» What needs to be done: Word for word, output the data that follows.

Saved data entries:
lemma bij_betw_ribbon_of_row:
  "bij_betw (ribbon_of_row \<sigma>) {a. admissible_row (sum_list \<sigma>) (length \<sigma>) n a} (hypo_vertices n \<sigma>)"
  unfolding bij_betw_def
proof
  show "inj_on (ribbon_of_row \<sigma>) {a. admissible_row (sum_list \<sigma>) (length \<sigma>) n a}"
    by (rule inj_on_subset[OF inj_on_ribbon_of_row]) (auto dest: admissible_row_outside)
  show "ribbon_of_row \<sigma> ` {a. admissible_row (sum_list \<sigma>) (length \<sigma>) n a} = hypo_vertices n \<sigma>"
  proof
    show "ribbon_of_row \<sigma> ` {a. admissible_row (sum_list \<sigma>) (length \<sigma>) n a} \<subseteq> hypo_vertices n \<sigma>"
      using is_qrt_ribbon_of_row by (auto simp: hypo_vertices_def)
  next
    show "hypo_vertices n \<sigma> \<subseteq> ribbon_of_row \<sigma> ` {a. admissible_row (sum_list \<sigma>) (length \<sigma>) n a}"
    proof
      fix T assume "T \<in> hypo_vertices n \<sigma>"
      then have T: "is_qrt n \<sigma> T" by (simp add: hypo_vertices_def)
      then have "T = ribbon_of_row \<sigma> (first_row T)" by (simp add: ribbon_of_first_row)
      then show "T \<in> ribbon_of_row \<sigma> ` {a. admissible_row (sum_list \<sigma>) (length \<sigma>) n a}"
        using admissible_first_row[OF T] by blast
    qed
  qed
qed

end

section \<open>Edges as unit increments of first rows\<close>

context ribbon_shape
begin

lemma ribbon_of_row_fun_upd:
  assumes c0: "c0 \<in> ribbon_cells \<sigma>"
  shows "ribbon_of_row \<sigma> (a(antidiag c0 := Suc (a (antidiag c0))))
    = (ribbon_of_row \<sigma> a)(c0 := Suc (ribbon_of_row \<sigma> a c0))"
proof
  fix c
  show "ribbon_of_row \<sigma> (a(antidiag c0 := Suc (a (antidiag c0)))) c
    = ((ribbon_of_row \<sigma> a)(c0 := Suc (ribbon_of_row \<sigma> a c0))) c"
  proof (cases "c \<in> ribbon_cells \<sigma>")
    case True
    then have "antidiag c = antidiag c0 \<longleftrightarrow> c = c0"
      using inj_on_antidiag c0 by (auto dest: inj_onD)
    then show ?thesis
      using True c0 ribbon_cells_bounds(1)[OF c0] by (auto simp: ribbon_of_row_def)
  qed (use c0 in \<open>auto simp: ribbon_of_row_def\<close>)
qed

lemma ribbon_of_row_antidiag_le:
  assumes a: "mono_on {1..sum_list \<sigma>} a"
    and c: "c \<in> ribbon_cells \<sigma>" and c0: "c0 \<in> ribbon_cells \<sigma>" and le: "antidiag c \<le> antidiag c0"
  shows "ribbon_of_row \<sigma> a c + fst c0 \<le> ribbon_of_row \<sigma> a c0 + fst c"
proof -
  have "a (antidiag c) \<le> a (antidiag c0)"
    using mono_onD[OF a] ribbon_cells_bounds(4)[OF c] ribbon_cells_bounds(4)[OF c0] le by blast
  then show ?thesis
    using c c0 ribbon_cells_bounds(1)[OF c] ribbon_cells_bounds(1)[OF c0]
    by (simp add: ribbon_of_row_def)
qed

lemma ribbon_of_row_antidiag_less:
  assumes a: "mono_on {1..sum_list \<sigma>} a"
    and c: "c \<in> ribbon_cells \<sigma>" and c0: "c0 \<in> ribbon_cells \<sigma>" and less: "antidiag c0 < antidiag c"
    and strict: "a (antidiag c0) < a (Suc (antidiag c0))"
  shows "ribbon_of_row \<sigma> a c0 + 1 + fst c \<le> ribbon_of_row \<sigma> a c + fst c0"
proof -
  have "Suc (antidiag c0) \<in> {1..sum_list \<sigma>}"
    using ribbon_cells_bounds(4)[OF c] less by simp
  then have "a (Suc (antidiag c0)) \<le> a (antidiag c)"
    using mono_onD[OF a] ribbon_cells_bounds(4)[OF c] less by simp
  then show ?thesis
    using c c0 strict ribbon_cells_bounds(1)[OF c] ribbon_cells_bounds(1)[OF c0]
    by (simp add: ribbon_of_row_def)
qed

lemma ribbon_of_row_eq_entry:
  assumes a: "mono_on {1..sum_list \<sigma>} a"
    and c: "c \<in> ribbon_cells \<sigma>" and c0: "c0 \<in> ribbon_cells \<sigma>"
    and strict: "antidiag c0 < sum_list \<sigma> \<Longrightarrow> a (antidiag c0) < a (Suc (antidiag c0))"
    and eq: "ribbon_of_row \<sigma> a c = ribbon_of_row \<sigma> a c0"
  shows "antidiag c \<le> antidiag c0" and "fst c = fst c0"
proof -
  show le: "antidiag c \<le> antidiag c0"
  proof (rule ccontr)
    assume "\<not> antidiag c \<le> antidiag c0"
    then have less: "antidiag c0 < antidiag c" by simp
    moreover have "antidiag c0 < sum_list \<sigma>"
      using less ribbon_cells_bounds(4)[OF c] by simp
    ultimately have "ribbon_of_row \<sigma> a c0 + 1 + fst c \<le> ribbon_of_row \<sigma> a c + fst c0"
      using ribbon_of_row_antidiag_less[OF a c c0] strict by simp
    then show False
      using ribbon_cells_antidiag_le(1)[OF c0 c] less eq by simp
  qed
  show "fst c = fst c0"
    using ribbon_of_row_antidiag_le[OF a c c0 le] ribbon_cells_antidiag_le(1)[OF c c0 le] eq by simp
qed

» Solution:
lemma bij_betw_ribbon_of_row:
  "bij_betw (ribbon_of_row \<sigma>) {a. admissible_row (sum_list \<sigma>) (length \<sigma>) n a} (hypo_vertices n \<sigma>)"
  unfolding bij_betw_def
proof
  show "inj_on (ribbon_of_row \<sigma>) {a. admissible_row (sum_list \<sigma>) (length \<sigma>) n a}"
    by (rule inj_on_subset[OF inj_on_ribbon_of_row]) (auto dest: admissible_row_outside)
  show "ribbon_of_row \<sigma> ` {a. admissible_row (sum_list \<sigma>) (length \<sigma>) n a} = hypo_vertices n \<sigma>"
  proof
    show "ribbon_of_row \<sigma> ` {a. admissible_row (sum_list \<sigma>) (length \<sigma>) n a} \<subseteq> hypo_vertices n \<sigma>"
      using is_qrt_ribbon_of_row by (auto simp: hypo_vertices_def)
  next
    show "hypo_vertices n \<sigma> \<subseteq> ribbon_of_row \<sigma> ` {a. admissible_row (sum_list \<sigma>) (length \<sigma>) n a}"
    proof
      fix T assume "T \<in> hypo_vertices n \<sigma>"
      then have T: "is_qrt n \<sigma> T" by (simp add: hypo_vertices_def)
      then have "T = ribbon_of_row \<sigma> (first_row T)" by (simp add: ribbon_of_first_row)
      then show "T \<in> ribbon_of_row \<sigma> ` {a. admissible_row (sum_list \<sigma>) (length \<sigma>) n a}"
        using admissible_first_row[OF T] by blast
    qed
  qed
qed

end

section \<open>Edges as unit increments of first rows\<close>

context ribbon_shape
begin

lemma ribbon_of_row_fun_upd:
  assumes c0: "c0 \<in> ribbon_cells \<sigma>"
  shows "ribbon_of_row \<sigma> (a(antidiag c0 := Suc (a (antidiag c0))))
    = (ribbon_of_row \<sigma> a)(c0 := Suc (ribbon_of_row \<sigma> a c0))"
proof
  fix c
  show "ribbon_of_row \<sigma> (a(antidiag c0 := Suc (a (antidiag c0)))) c
    = ((ribbon_of_row \<sigma> a)(c0 := Suc (ribbon_of_row \<sigma> a c0))) c"
  proof (cases "c \<in> ribbon_cells \<sigma>")
    case True
    then have "antidiag c = antidiag c0 \<longleftrightarrow> c = c0"
      using inj_on_antidiag c0 by (auto dest: inj_onD)
    then show ?thesis
      using True c0 ribbon_cells_bounds(1)[OF c0] by (auto simp: ribbon_of_row_def)
  qed (use c0 in \<open>auto simp: ribbon_of_row_def\<close>)
qed

lemma ribbon_of_row_antidiag_le:
  assumes a: "mono_on {1..sum_list \<sigma>} a"
    and c: "c \<in> ribbon_cells \<sigma>" and c0: "c0 \<in> ribbon_cells \<sigma>" and le: "antidiag c \<le> antidiag c0"
  shows "ribbon_of_row \<sigma> a c + fst c0 \<le> ribbon_of_row \<sigma> a c0 + fst c"
proof -
  have "a (antidiag c) \<le> a (antidiag c0)"
    using mono_onD[OF a] ribbon_cells_bounds(4)[OF c] ribbon_cells_bounds(4)[OF c0] le by blast
  then show ?thesis
    using c c0 ribbon_cells_bounds(1)[OF c] ribbon_cells_bounds(1)[OF c0]
    by (simp add: ribbon_of_row_def)
qed

lemma ribbon_of_row_antidiag_less:
  assumes a: "mono_on {1..sum_list \<sigma>} a"
    and c: "c \<in> ribbon_cells \<sigma>" and c0: "c0 \<in> ribbon_cells \<sigma>" and less: "antidiag c0 < antidiag c"
    and strict: "a (antidiag c0) < a (Suc (antidiag c0))"
  shows "ribbon_of_row \<sigma> a c0 + 1 + fst c \<le> ribbon_of_row \<sigma> a c + fst c0"
proof -
  have "Suc (antidiag c0) \<in> {1..sum_list \<sigma>}"
    using ribbon_cells_bounds(4)[OF c] less by simp
  then have "a (Suc (antidiag c0)) \<le> a (antidiag c)"
    using mono_onD[OF a] ribbon_cells_bounds(4)[OF c] less by simp
  then show ?thesis
    using c c0 strict ribbon_cells_bounds(1)[OF c] ribbon_cells_bounds(1)[OF c0]
    by (simp add: ribbon_of_row_def)
qed

lemma ribbon_of_row_eq_entry:
  assumes a: "mono_on {1..sum_list \<sigma>} a"
    and c: "c \<in> ribbon_cells \<sigma>" and c0: "c0 \<in> ribbon_cells \<sigma>"
    and strict: "antidiag c0 < sum_list \<sigma> \<Longrightarrow> a (antidiag c0) < a (Suc (antidiag c0))"
    and eq: "ribbon_of_row \<sigma> a c = ribbon_of_row \<sigma> a c0"
  shows "antidiag c \<le> antidiag c0" and "fst c = fst c0"
proof -
  show le: "antidiag c \<le> antidiag c0"
  proof (rule ccontr)
    assume "\<not> antidiag c \<le> antidiag c0"
    then have less: "antidiag c0 < antidiag c" by simp
    moreover have "antidiag c0 < sum_list \<sigma>"
      using less ribbon_cells_bounds(4)[OF c] by simp
    ultimately have "ribbon_of_row \<sigma> a c0 + 1 + fst c \<le> ribbon_of_row \<sigma> a c + fst c0"
      using ribbon_of_row_antidiag_less[OF a c c0] strict by simp
    then show False
      using ribbon_cells_antidiag_le(1)[OF c0 c] less eq by simp
  qed
  show "fst c = fst c0"
    using ribbon_of_row_antidiag_le[OF a c c0 le] ribbon_cells_antidiag_le(1)[OF c c0 le] eq by simp
qed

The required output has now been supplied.